With the outbreak of COVID-19, many of us realized how much we took for granted our health and access to quality care whenever we needed it.
Starting in March, many of us could not easily access our doctors and had to resort to telemedicine appointments or postpone important medical procedures. Only recently is that becoming more available.
Unfortunately, with COVID outbreaks again on the rise, it is likely that hospitals will continue to need space in the foreseeable future to treat COVID patients and other life-threatening emergencies.
That leaves other patients wondering whether their access to care will once again be limited.
That’s why it is imperative for Georgia health care officials to move forward and approve the construction of two new outpatient surgery centers planned for our community in Braselton.
The state Department of Community Health will hold its final hearing this fall on a Certificate of Need application by Northside Hospital to open an outpatient facility on Friendship Road in South Hall. It is also considering one by Northeast Georgia Medical Center on Friendship Road.
CON is a state law that requires hospitals, doctors and health systems to get state permission before opening or expanding a new medical service. This regulation often infringes on the ability to provide more health care options for patients.
Each surgery center would provide much needed outpatient services in orthopedics, urology, gastroenterology, general surgery and neurosurgery.

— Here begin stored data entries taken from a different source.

(* Let $(a_n)_{n\ge0}$ be a bounded sequence of nonzero complex numbers such that the weighted shift $Te_n=a_ne_{n+1}$ is quasinilpotent. Let $S\in\mathcal A_T$ be nonzero and $k\ge1$ with $\hat S(j)=0$ for $j<k$ and $\hat S(k)\ne0$. If $S=T^kQ$ for some $Q\in\tilde{\mathcal A}_T$, then $\langle S\rangle=\langle T^k\rangle$. In particular, if $S=\sum_{j=k}^n\hat S(j)T^j$ is a polynomial in $T$ with $\hat S(k)\neq 0$, then $\langle S\rangle=\langle T^k\rangle$.
   Context: $H$ is a complex Hilbert space with orthonormal basis $\{e_n\}_{n\ge0}$, $Te_n=a_ne_{n+1}$, $\mathcal A_T$ is the operator-norm closure of the polynomials $p(T)$ with $p(0)=0$, and $\tilde{\mathcal A}_T=\mathcal A_T+\mathbb CI$ its unitization in $\mathcal B(H)$. For $R\in\mathcal A_T$, $\langle R\rangle$ is the smallest closed ideal of $\mathcal A_T$ containing $R$. For $\lambda$ in the unit circle $\mathbb T$ let $W_\lambda e_n=\lambda^ne_n$ and $\gamma_\lambda(S)=W_\lambda SW_\lambda^*$ (a norm-continuous action of $\mathbb T$ on $\mathcal A_T$ by isometric automorphisms with $\gamma_\lambda(T)=\lambda T$). For $S\in\mathcal A_T$, $j\ge1$, $\hat S(j)\in\mathbb C$ is defined by $\int_{\mathbb T}\gamma_\lambda(S)\lambda^{-j}\,dm(\lambda)=\hat S(j)T^j$ ($dm$ normalized Haar measure). *)

theory Defs
  imports "HOL-Analysis.Analysis"
begin

text \<open>We identify H with l2(N) via the orthonormal basis e_n, and a bounded
operator with its matrix  M i j = <M e_j, e_i>.\<close>

type_synonym mat = "nat \<Rightarrow> nat \<Rightarrow> complex"

definition fin_supp :: "(nat \<Rightarrow> complex) \<Rightarrow> bool" where
  "fin_supp x \<longleftrightarrow> finite {j. x j \<noteq> 0}"

definition mvec :: "mat \<Rightarrow> (nat \<Rightarrow> complex) \<Rightarrow> nat \<Rightarrow> complex" where
  "mvec M x i = (\<Sum>j\<in>{j. x j \<noteq> 0}. M i j * x j)"

definition normsq_fs :: "(nat \<Rightarrow> complex) \<Rightarrow> real" where
  "normsq_fs x = (\<Sum>j\<in>{j. x j \<noteq> 0}. (cmod (x j))\<^sup>2)"

text \<open>M defines a bounded operator on l2 with norm at most C.\<close>
definition bounded_by :: "mat \<Rightarrow> real \<Rightarrow> bool" where
  "bounded_by M C \<longleftrightarrow> C \<ge> 0 \<and> (\<forall>x. fin_supp x \<longrightarrow>
      (\<forall>N. (\<Sum>i<N. (cmod (mvec M x i))\<^sup>2) \<le> C\<^sup>2 * normsq_fs x))"

definition bounded_mat :: "mat \<Rightarrow> bool" where
  "bounded_mat M \<longleftrightarrow> (\<exists>C. bounded_by M C)"

definition opnorm :: "mat \<Rightarrow> real" where
  "opnorm M = Inf {C. bounded_by M C}"

definition mzero :: mat where "mzero = (\<lambda>i j. 0)"
definition mid :: mat where "mid = (\<lambda>i j. if i = j then 1 else 0)"
definition madd :: "mat \<Rightarrow> mat \<Rightarrow> mat" where "madd A B = (\<lambda>i j. A i j + B i j)"
definition msub :: "mat \<Rightarrow> mat \<Rightarrow> mat" where "msub A B = (\<lambda>i j. A i j - B i j)"
definition msmul :: "complex \<Rightarrow> mat \<Rightarrow> mat" where "msmul c A = (\<lambda>i j. c * A i j)"
definition mmul :: "mat \<Rightarrow> mat \<Rightarrow> mat" where
  "mmul A B = (\<lambda>i j. \<Sum>k. A i k * B k j)"

primrec mpow :: "mat \<Rightarrow> nat \<Rightarrow> mat" where
  "mpow M 0 = mid"
| "mpow M (Suc n) = mmul M (mpow M n)"

definition invertible_mat :: "mat \<Rightarrow> bool" where
  "invertible_mat M \<longleftrightarrow> (\<exists>B. bounded_mat B \<and> mmul M B = mid \<and> mmul B M = mid)"

definition mspectrum :: "mat \<Rightarrow> complex set" where
  "mspectrum M = {z. \<not> invertible_mat (msub M (msmul z mid))}"
lemma tendsto_scaled_product_minus_one:
  fixes a b :: "'a \<Rightarrow> complex" and g :: "'a \<Rightarrow> real"
  assumes ga: "((\<lambda>x. complex_of_real (g x) * (a x - 1)) \<longlongrightarrow> wa) F"
    and gb: "((\<lambda>x. complex_of_real (g x) * (b x - 1)) \<longlongrightarrow> wb) F"
    and g: "filterlim g at_top F"
  shows "((\<lambda>x. complex_of_real (g x) * (a x * b x - 1)) \<longlongrightarrow> wa + wb) F"
proof -
  have "((\<lambda>x. complex_of_real (inverse (g x)) * (complex_of_real (g x) * (b x - 1))) \<longlongrightarrow> 0 * wb) F"
    using tendsto_of_real[OF tendsto_inverse_0_at_top[OF g], where 'a=complex]
    by (intro tendsto_mult gb) simp
  moreover have "\<forall>\<^sub>F x in F. complex_of_real (inverse (g x)) * (complex_of_real (g x) * (b x - 1)) = b x - 1"
    using filterlim_at_top_dense[THEN iffD1, OF g, rule_format, of 0] by eventually_elim simp
  ultimately have b1: "((\<lambda>x. b x - 1) \<longlongrightarrow> 0) F"
    by (simp add: Lim_transform_eventually)
  have "((\<lambda>x. complex_of_real (g x) * (a x - 1) + complex_of_real (g x) * (b x - 1)
      + complex_of_real (g x) * (a x - 1) * (b x - 1)) \<longlongrightarrow> wa + wb + wa * 0) F"
    by (intro tendsto_add tendsto_mult ga gb b1)
  moreover have "complex_of_real (g x) * (a x - 1) + complex_of_real (g x) * (b x - 1)
      + complex_of_real (g x) * (a x - 1) * (b x - 1) = complex_of_real (g x) * (a x * b x - 1)" for x
    by algebra
  ultimately show ?thesis by simp
qed

lemma mult_divide_sqrt_square: "\<beta> > 0 \<Longrightarrow> \<beta> * (u / sqrt \<beta>)\<^sup>2 = u\<^sup>2"
  by (simp add: power_divide)

lemma mult_divide_sqrt_cube: "\<beta> > 0 \<Longrightarrow> \<beta> * (u / sqrt \<beta>)^3 = u^3 / sqrt \<beta>"
  by (simp add: power_divide power3_eq_cube)

lemma mult_abs_divide_sqrt_cube: "\<beta> > 0 \<Longrightarrow> \<beta> * \<bar>u / sqrt \<beta>\<bar>^3 = \<bar>u\<bar>^3 / sqrt \<beta>"
  using mult_divide_sqrt_cube[of \<beta> "\<bar>u\<bar>"] by (simp add: abs_divide)

lemma abs_divide_sqrt_less_iff: "\<beta> > 0 \<Longrightarrow> \<bar>u / sqrt \<beta>\<bar> < \<delta> \<longleftrightarrow> \<bar>u\<bar> < \<delta> * sqrt \<beta>"
  by (simp add: abs_divide divide_less_eq)

lemma sqrt_power_odd: "x \<ge> 0 \<Longrightarrow> sqrt x ^ (2 * n + 1) = x ^ n * sqrt x"
  by (simp add: power_mult)

lemma integrable_abs_power_mult_exp_square:
  assumes c: "c > 0"
  shows "integrable lborel (\<lambda>u::real. \<bar>u\<bar>^k * exp (- c * u\<^sup>2))"
proof -
  define \<sigma> where "\<sigma> = sqrt (1/(2*c))"
  have \<sigma>: "\<sigma> > 0" "\<sigma>\<^sup>2 = 1/(2*c)" using c by (auto simp: \<sigma>_def)
  have "integrable lborel (\<lambda>u. sqrt (2*pi*\<sigma>\<^sup>2) * (normal_density 0 \<sigma> u * \<bar>u - 0\<bar>^k))"
    using \<sigma> by (intro integrable_mult_right integrable_normal_moment_abs)
  also have "(\<lambda>u. sqrt (2*pi*\<sigma>\<^sup>2) * (normal_density 0 \<sigma> u * \<bar>u - 0\<bar>^k)) = (\<lambda>u. \<bar>u\<bar>^k * exp (- c * u\<^sup>2))"
    using c \<sigma> by (intro ext) (simp add: normal_density_def field_simps)
  finally show ?thesis .
qed

lemma cmod_iexp_minus_taylor2_le:
  "cmod (iexp x - (1 + \<i> * complex_of_real x - complex_of_real (x^2 / 2))) \<le> \<bar>x\<bar>^3 / 6"
  using iexp_approx1[of x 2]
  by (simp add: numeral_3_eq_3 numeral_2_eq_2 power2_eq_square algebra_simps)

lemma cmod_scaled_iexp_minus_taylor2_le:
  assumes p: "p \<ge> 0"
  shows "cmod (p *\<^sub>R iexp (t * y) - (complex_of_real p + \<i> * complex_of_real (t * (p * y))
      - complex_of_real (t^2/2 * (p * y ^ 2)))) \<le> \<bar>t\<bar>^3 / 6 * (p * \<bar>y\<bar> ^ 3)"
proof -
  have "p *\<^sub>R iexp (t * y) - (complex_of_real p + \<i> * complex_of_real (t * (p * y))
      - complex_of_real (t^2/2 * (p * y ^ 2))) = complex_of_real p *
        (iexp (t * y) - (1 + \<i> * complex_of_real (t * y) - complex_of_real ((t * y)^2 / 2)))"
    by (simp add: scaleR_conv_of_real algebra_simps power2_eq_square)
  hence "cmod (p *\<^sub>R iexp (t * y) - (complex_of_real p + \<i> * complex_of_real (t * (p * y))
      - complex_of_real (t^2/2 * (p * y ^ 2)))) =
      p * cmod (iexp (t * y) - (1 + \<i> * complex_of_real (t * y) - complex_of_real ((t * y)^2 / 2)))"
    using p by (simp add: norm_mult)
  also have "\<dots> \<le> p * (\<bar>t * y\<bar>^3 / 6)"
    using p by (intro mult_left_mono cmod_iexp_minus_taylor2_le)
  also have "\<dots> = \<bar>t\<bar>^3 / 6 * (p * \<bar>y\<bar> ^ 3)"
    by (simp add: abs_mult power_mult_distrib)
  finally show ?thesis .
qed

lemma cmod_integral_iexp_minus_taylor2_le:
  fixes p \<phi> :: "'a \<Rightarrow> real"
  assumes [measurable]: "p \<in> borel_measurable M" "\<phi> \<in> borel_measurable M"
    and p0: "\<And>x. p x \<ge> 0"
    and i0: "integrable M p" and i1: "integrable M (\<lambda>x. p x * \<phi> x)"
    and i2: "integrable M (\<lambda>x. p x * \<phi> x ^ 2)" and i3: "integrable M (\<lambda>x. p x * \<bar>\<phi> x\<bar> ^ 3)"
    and p1: "(\<integral>x. p x \<partial>M) = 1"
  shows "cmod ((\<integral>x. p x *\<^sub>R iexp (t * \<phi> x) \<partial>M) -
           (1 + \<i> * complex_of_real (t * (\<integral>x. p x * \<phi> x \<partial>M))
              - complex_of_real (t^2 / 2 * (\<integral>x. p x * \<phi> x ^ 2 \<partial>M))))
         \<le> \<bar>t\<bar>^3 / 6 * (\<integral>x. p x * \<bar>\<phi> x\<bar> ^ 3 \<partial>M)"
proof -
  define T where "T x = complex_of_real (p x) + \<i> * complex_of_real (t * (p x * \<phi> x))
      - complex_of_real (t^2/2 * (p x * \<phi> x ^ 2))" for x
  have j0: "integrable M (\<lambda>x. complex_of_real (p x))" using i0 by auto
  have j1: "integrable M (\<lambda>x. \<i> * complex_of_real (t * (p x * \<phi> x)))"
    using i1 by (intro integrable_mult_right integrable_of_real) auto
  have j2: "integrable M (\<lambda>x. complex_of_real (t^2/2 * (p x * \<phi> x ^ 2)))"
    using i2 by (intro integrable_of_real integrable_mult_right)
  have iT: "integrable M T"
    unfolding T_def by (intro Bochner_Integration.integrable_diff Bochner_Integration.integrable_add j0 j1 j2)
  have "(\<integral>x. T x \<partial>M) = (\<integral>x. complex_of_real (p x) \<partial>M) + (\<integral>x. \<i> * complex_of_real (t * (p x * \<phi> x)) \<partial>M)
      - (\<integral>x. complex_of_real (t^2/2 * (p x * \<phi> x ^ 2)) \<partial>M)"
    unfolding T_def using j0 j1 j2 by simp
  also have "\<dots> = 1 + \<i> * complex_of_real (t * (\<integral>x. p x * \<phi> x \<partial>M))
      - complex_of_real (t^2 / 2 * (\<integral>x. p x * \<phi> x ^ 2 \<partial>M))"
    by (simp only: integral_mult_right_zero integral_complex_of_real p1) simp
  finally have intT: "(\<integral>x. T x \<partial>M) = \<dots>" .
  have iE: "integrable M (\<lambda>x. p x *\<^sub>R iexp (t * \<phi> x))"
    by (rule Bochner_Integration.integrable_bound[OF i0]) (auto simp: p0 norm_exp_i_times)
  have "cmod ((\<integral>x. p x *\<^sub>R iexp (t * \<phi> x) \<partial>M) - (\<integral>x. T x \<partial>M))
        = cmod (\<integral>x. p x *\<^sub>R iexp (t * \<phi> x) - T x \<partial>M)"
    using iE iT by simp
  also have "\<dots> \<le> (\<integral>x. cmod (p x *\<^sub>R iexp (t * \<phi> x) - T x) \<partial>M)"
    by (rule integral_norm_bound)
  also have "\<dots> \<le> (\<integral>x. \<bar>t\<bar>^3 / 6 * (p x * \<bar>\<phi> x\<bar> ^ 3) \<partial>M)"
  proof (rule integral_mono)
    show "integrable M (\<lambda>x. cmod (p x *\<^sub>R iexp (t * \<phi> x) - T x))"
      by (intro integrable_norm Bochner_Integration.integrable_diff iE iT)
    show "integrable M (\<lambda>x. \<bar>t\<bar>^3 / 6 * (p x * \<bar>\<phi> x\<bar> ^ 3))"
      using i3 by (rule integrable_mult_right)
    show "cmod (p x *\<^sub>R iexp (t * \<phi> x) - T x) \<le> \<bar>t\<bar>^3 / 6 * (p x * \<bar>\<phi> x\<bar> ^ 3)" for x
      unfolding T_def by (rule cmod_scaled_iexp_minus_taylor2_le[OF p0])
  qed
  also have "\<dots> = \<bar>t\<bar>^3 / 6 * (\<integral>x. p x * \<bar>\<phi> x\<bar> ^ 3 \<partial>M)"
    by (rule integral_mult_right_zero)
  finally show ?thesis unfolding intT .
qed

That means if a patient needed a knee replacement, or a gallstone removed or a colonoscopy, for example, it could be done at either surgery center, while leaving much needed beds available at the major hospitals for seriously ill patients.
Our community is growing rapidly, creating demand for both surgery centers. We have young athletes who have sports injuries that need repair and seniors who need hip replacements and cardiac procedures that could be done on an outpatient basis in a surgery center — without fear a local hospital may not be available due to COVID. These surgery centers would also be important to sustaining regional hospitals. When hospitals and doctors’ offices were closed to most services due to the pandemic, it cost the medical community dearly in revenue as health care accounts for 18% of the nation’s economy. With no elective procedures, hospitals across the country lost billions in revenue in
just one month alone. Health care systems in our region, including Habersham Medical and Northeast Georgia Medical Center, were forced into painful furloughs, job reductions and pay cuts for employees because they were focused on COVID instead of other services.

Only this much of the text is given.